Available data »
lemma pmf_bind_finite_type:
  fixes p :: "'b::finite pmf"
  shows "pmf (bind_pmf p f) e = (\<Sum>y\<in>UNIV. pmf p y * pmf (f y) e)"
  unfolding pmf_bind by (subst integral_measure_pmf_real[where A = UNIV]) (simp_all add: mult.commute)

lemma pmf_map_Cons:
  "pmf (map_pmf (Cons c) q) s = (case s of [] \<Rightarrow> 0 | c' # s' \<Rightarrow> if c' = c then pmf q s' else 0)"
  by (cases s) (auto simp: pmf_eq_0_set_pmf pmf_map_inj')

lemma pmf_map_Pair:
  "pmf (map_pmf (Pair x) q) e = (if fst e = x then pmf q (snd e) else 0)"
  by (cases e) (auto simp: pmf_eq_0_set_pmf pmf_map_inj' inj_on_def)

lemma borel_measurable_pmf_traj:
  fixes \<pi> :: "nat \<Rightarrow> 's::finite \<Rightarrow> 'a::finite"
  assumes "\<And>t x a y. (\<lambda>M. pmf (trans M t x a) y) \<in> borel_measurable P"
  shows "(\<lambda>M. pmf (traj M \<pi> t n x) s) \<in> borel_measurable P"
proof (induction n arbitrary: t x s)
  case (Suc n)
  have eq: "pmf (traj M \<pi> t (Suc n) x) s =
     (\<Sum>y\<in>UNIV. pmf (trans M t x (\<pi> t x)) y *
        (case s of [] \<Rightarrow> 0 | c' # s' \<Rightarrow> if c' = (\<pi> t x, y) then pmf (traj M \<pi> (Suc t) n (snd y)) s' else 0))" for M
    by (simp only: traj.simps pmf_bind_finite_type) (simp add: split_beta pmf_map_Cons)
  show ?case
    unfolding eq
    by (intro borel_measurable_sum borel_measurable_times assms)
       (cases s, auto intro!: measurable_If Suc.IH)
qed simp

lemma borel_measurable_pmf_episode:
  fixes \<pi> :: "nat \<Rightarrow> 's::finite \<Rightarrow> 'a::finite"
  assumes "\<And>x. (\<lambda>M. pmf (init M) x) \<in> borel_measurable P"
    and "\<And>t x a y. (\<lambda>M. pmf (trans M t x a) y) \<in> borel_measurable P"
  shows "(\<lambda>M. pmf (episode_pmf M H \<pi>) e) \<in> borel_measurable P"
proof -
  have "pmf (episode_pmf M H \<pi>) e =
     (\<Sum>x\<in>UNIV. pmf (init M) x * (if fst e = x then pmf (traj M \<pi> 0 H x) (snd e) else 0))" for M
    unfolding episode_pmf_def pmf_bind_finite_type pmf_map_Pair ..
  then show ?thesis
    using assms borel_measurable_pmf_traj[OF assms(2)] by simp
qed

lemma borel_measurable_pmf_episode_pol:
  fixes h :: "('s::finite, 'a::{finite,linorder}) episode list"
  assumes "\<And>x. (\<lambda>M. pmf (init M) x) \<in> borel_measurable P"
    and "\<And>t x a y. (\<lambda>M. pmf (trans M t x a) y) \<in> borel_measurable P"
  shows "(\<lambda>(M, xi). pmf (episode_pmf M H (pol th v lam H h xi)) e) \<in> borel_measurable (P \<Otimes>\<^sub>M noiseM H)"
proof -
  have "(\<lambda>p. pmf (episode_pmf (fst p) H (restrict (pol th v lam H h (snd p)) {..<H})) e)
      \<in> borel_measurable (P \<Otimes>\<^sub>M noiseM H)"
  proof (rule measurable_compose_countable'[where I = "PiE {..<H} (\<lambda>_. UNIV)"
        and f = "\<lambda>\<tau> p. pmf (episode_pmf (fst p) H \<tau>) e"])
    show "(\<lambda>p. pmf (episode_pmf (fst p) H \<tau>) e) \<in> borel_measurable (P \<Otimes>\<^sub>M noiseM H)" for \<tau>
      by (rule measurable_compose[OF measurable_fst borel_measurable_pmf_episode[OF assms]])
    show "(\<lambda>p. restrict (pol th v lam H h (snd p)) {..<H})
        \<in> measurable (P \<Otimes>\<^sub>M noiseM H) (count_space (PiE {..<H} (\<lambda>_. UNIV)))"
      by (rule measurable_compose[OF measurable_snd measurable_restrict_pol])
  qed (rule countable_finite[OF finite_horizon_policies])
  then show ?thesis by (simp add: episode_pmf_restrict split_beta')
qed

lemma prob_space_noiseM: "prob_space (noiseM H)"
  unfolding noiseM_def
  by (rule prob_space_PiM) (simp add: prob_space_normal_density)

lemma measurable_episode_pmf_append:
  fixes h :: "('s::finite, 'a::{finite,linorder}) episode list"
  shows "(\<lambda>xi. measure_pmf (map_pmf (\<lambda>e. h @ [e]) (episode_pmf M H (pol th v lam H h xi))))
     \<in> noiseM H \<rightarrow>\<^sub>M prob_algebra (count_space UNIV)"
proof -
  have "(\<lambda>xi. measure_pmf (map_pmf (\<lambda>e. h @ [e]) (episode_pmf M H (restrict (pol th v lam H h xi) {..<H}))))
     \<in> noiseM H \<rightarrow>\<^sub>M prob_algebra (count_space UNIV)"
    by (rule measurable_compose[OF measurable_restrict_pol])
       (simp add: space_prob_algebra prob_space_measure_pmf)
  then show ?thesis by (simp add: episode_pmf_restrict)
qed

definition history_step :: "(nat \<Rightarrow> 's \<Rightarrow> 'a \<Rightarrow> real) \<Rightarrow> real \<Rightarrow> real \<Rightarrow> nat
    \<Rightarrow> ('s::finite, 'a::{finite,linorder}) mdp \<Rightarrow> ('s, 'a) episode list \<Rightarrow> ('s, 'a) episode list measure" where
  "history_step th v lam H M h =
     noiseM H \<bind> (\<lambda>xi. measure_pmf (map_pmf (\<lambda>e. h @ [e]) (episode_pmf M H (pol th v lam H h xi))))"

lemma histM_Suc_bind: "histM th v lam H M (Suc k) = histM th v lam H M k \<bind> history_step th v lam H M"
  unfolding history_step_def [abs_def] by (simp add: bind_return_distr' map_pmf_rep_eq)

lemma history_step_in_prob_algebra:
  "history_step th v lam H M h \<in> space (prob_algebra (count_space UNIV))"
proof -
  have noise: "noiseM H \<in> space (prob_algebra (noiseM H))"
    by (simp add: space_prob_algebra prob_space_noiseM)
  show ?thesis
    unfolding space_prob_algebra history_step_def
    using prob_space_bind'[OF noise measurable_episode_pmf_append]
      sets_bind'[OF noise measurable_episode_pmf_append]
    by blast
qed

lemma measurable_history_step:
  assumes "sets N = sets (count_space UNIV)"
  shows "history_step th v lam H M \<in> N \<rightarrow>\<^sub>M prob_algebra (count_space UNIV)"
  unfolding measurable_cong_sets[OF assms refl]
  by (simp, intro Pi_I history_step_in_prob_algebra)

lemma histM_in_prob_algebra: "histM th v lam H M k \<in> space (prob_algebra (count_space UNIV))"
proof (induction k)
  case (Suc k)
  note step = measurable_history_step[OF refl, of th v lam H M]
  from prob_space_bind'[OF Suc.IH step] sets_bind'[OF Suc.IH step] show ?case
    unfolding histM_Suc_bind space_prob_algebra by blast
qed (simp add: space_prob_algebra prob_space_return)

lemma prob_space_histM: "prob_space (histM th v lam H M k)"
  using histM_in_prob_algebra[of th v lam H M k] by (simp add: space_prob_algebra)

lemma sets_histM: "sets (histM th v lam H M k) = sets (count_space UNIV)"
  using histM_in_prob_algebra[of th v lam H M k] by (simp add: space_prob_algebra)

lemma integral_histM_Suc:
  fixes g :: "('s::finite, 'a::{finite,linorder}) episode list \<Rightarrow> real"
  assumes g_bound: "\<And>h. \<bar>g h\<bar> \<le> B"
  shows "(\<integral>h. g h \<partial>histM th v lam H M (Suc k)) =
    (\<integral>h. (\<integral>xi. (\<integral>e. g (h @ [e]) \<partial>measure_pmf (episode_pmf M H (pol th v lam H h xi))) \<partial>noiseM H)
      \<partial>histM th v lam H M k)"
proof -
  have step_prob: "prob_space (history_step th v lam H M h)" for h
    using history_step_in_prob_algebra[of th v lam H M h] by (simp add: space_prob_algebra)
  have "(\<integral>h. g h \<partial>histM th v lam H M (Suc k)) =
      (\<integral>h. (\<integral>h'. g h' \<partial>history_step th v lam H M h) \<partial>histM th v lam H M k)"
    unfolding histM_Suc_bind
    by (rule integral_bind[where K = "count_space UNIV" and B = B and B' = 1])
       (simp_all add: g_bound prob_space.finite_measure prob_space_histM step_prob
         prob_space.emeasure_space_1 measurable_prob_algebraD[OF measurable_history_step[OF sets_histM]])
  also have "\<dots> = (\<integral>h. (\<integral>xi. (\<integral>e. g (h @ [e]) \<partial>measure_pmf (episode_pmf M H (pol th v lam H h xi))) \<partial>noiseM H)
      \<partial>histM th v lam H M k)"
  proof (rule Bochner_Integration.integral_cong[OF refl])
    fix h
    have "(\<integral>h'. g h' \<partial>history_step th v lam H M h) =
        (\<integral>xi. (\<integral>h'. g h' \<partial>measure_pmf (map_pmf (\<lambda>e. h @ [e]) (episode_pmf M H (pol th v lam H h xi)))) \<partial>noiseM H)"
      unfolding history_step_def
      by (rule integral_bind[where K = "count_space UNIV" and B = B and B' = 1])
         (simp_all add: g_bound measure_pmf.emeasure_space_1 prob_space.finite_measure prob_space_noiseM
           measurable_prob_algebraD[OF measurable_episode_pmf_append])
    then show "(\<integral>h'. g h' \<partial>history_step th v lam H M h) =
        (\<integral>xi. (\<integral>e. g (h @ [e]) \<partial>measure_pmf (episode_pmf M H (pol th v lam H h xi))) \<partial>noiseM H)"
      by simp
  qed
  finally show ?thesis .
qed

section \<open>Bounds\<close>

lemma sig2_pos: "lam > 0 \<Longrightarrow> v > 0 \<Longrightarrow> 0 < sig2 lam v n"
  unfolding sig2_def by (simp add: add_pos_nonneg)

lemma sig2_le:
  assumes "lam > 0" "v > 0"
  shows "sig2 lam v n \<le> lam"
proof -
  have "inverse (1 / lam + real n / v) \<le> inverse (1 / lam)"
    using assms by (intro le_imp_inverse_le) simp_all
  then show ?thesis by (simp add: sig2_def)
qed

text \<open>The posterior mean is a convex combination of the prior mean \<open>T\<close> and the empirical mean
  \<open>L / n\<close>.\<close>

lemma abs_posterior_mean_le:
  assumes lam: "lam > 0" and v: "v > 0" and L: "\<bar>L\<bar> \<le> real n * K" and K: "0 \<le> K"
  shows "\<bar>sig2 lam v n * (T / lam + (1 / v) * L)\<bar> \<le> \<bar>T\<bar> + K"
proof -
  define d where "d = 1 / lam + real n / v"
  have d_pos: "0 < d" using lam v unfolding d_def by (simp add: add_pos_nonneg)
  have "\<bar>T / lam + (1 / v) * L\<bar> \<le> \<bar>T / lam\<bar> + \<bar>(1 / v) * L\<bar>"
    by (rule abs_triangle_ineq)
  also have "\<dots> \<le> \<bar>T\<bar> / lam + (1 / v) * (real n * K)"
    using L lam v by (simp add: abs_mult divide_right_mono)
  also have "\<dots> \<le> (\<bar>T\<bar> + K) * d"
  proof -
    have "(\<bar>T\<bar> + K) * d = \<bar>T\<bar> / lam + (1 / v) * (real n * K) + (\<bar>T\<bar> * (real n / v) + K / lam)"
      using lam v by (simp add: d_def field_simps)
    moreover have "0 \<le> \<bar>T\<bar> * (real n / v) + K / lam" using K lam v by simp
    ultimately show ?thesis by linarith
  qed
  finally have "\<bar>T / lam + (1 / v) * L\<bar> / d \<le> \<bar>T\<bar> + K"
    using d_pos by (simp add: divide_le_eq)
  then show ?thesis
    using d_pos by (simp add: sig2_def d_def abs_mult inverse_eq_divide)
qed

lemma abs_sum_list_map_le:
  fixes f :: "'b \<Rightarrow> real"
  assumes "\<And>x. \<bar>f x\<bar> \<le> K"
  shows "\<bar>sum_list (map f xs)\<bar> \<le> real (length xs) * K"
proof (induction xs)
  case (Cons x xs)
  have "\<bar>sum_list (map f (x # xs))\<bar> \<le> \<bar>f x\<bar> + \<bar>sum_list (map f xs)\<bar>"
    by (simp add: abs_triangle_ineq)
  also have "\<dots> \<le> K + real (length xs) * K"
    using assms Cons.IH by (intro add_mono) auto
  finally show ?case by (simp add: algebra_simps)
qed simp

lemma abs_reward_plus_vmax_le:
  fixes Q :: "('s, 'a::{finite,linorder}) qfun"
  assumes "\<And>y a. \<bar>Q y a\<bar> \<le> K"
  shows "\<bar>of_bool r + vmax Q y\<bar> \<le> 1 + K"
proof -
  have "\<bar>vmax Q y\<bar> \<le> K" by (rule abs_vmax_le) (rule assms)
  then show ?thesis by (cases r) (simp_all add: abs_le_iff)
qed

lemma bellman_eq_sum:
  fixes M :: "('s::finite, 'a::finite) mdp"
  shows "bellman M t Q y a = (\<Sum>z\<in>UNIV. pmf (trans M t y a) z * (of_bool (fst z) + vmax Q (snd z)))"
  unfolding bellman_def
  by (subst integral_measure_pmf_real[where A = UNIV]) (simp_all add: split_beta mult.commute)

How to complete this task » From the line that has "qed (rule countable_finite[OF" through the line that has "real \<Rightarrow> nat", copy every line exactly as it appears above, and leave out all others.

Exercise answer »
  qed (rule countable_finite[OF finite_horizon_policies])
  then show ?thesis by (simp add: episode_pmf_restrict split_beta')
qed

lemma prob_space_noiseM: "prob_space (noiseM H)"
  unfolding noiseM_def
  by (rule prob_space_PiM) (simp add: prob_space_normal_density)

lemma measurable_episode_pmf_append:
  fixes h :: "('s::finite, 'a::{finite,linorder}) episode list"
  shows "(\<lambda>xi. measure_pmf (map_pmf (\<lambda>e. h @ [e]) (episode_pmf M H (pol th v lam H h xi))))
     \<in> noiseM H \<rightarrow>\<^sub>M prob_algebra (count_space UNIV)"
proof -
  have "(\<lambda>xi. measure_pmf (map_pmf (\<lambda>e. h @ [e]) (episode_pmf M H (restrict (pol th v lam H h xi) {..<H}))))
     \<in> noiseM H \<rightarrow>\<^sub>M prob_algebra (count_space UNIV)"
    by (rule measurable_compose[OF measurable_restrict_pol])
       (simp add: space_prob_algebra prob_space_measure_pmf)
  then show ?thesis by (simp add: episode_pmf_restrict)
qed

definition history_step :: "(nat \<Rightarrow> 's \<Rightarrow> 'a \<Rightarrow> real) \<Rightarrow> real \<Rightarrow> real \<Rightarrow> nat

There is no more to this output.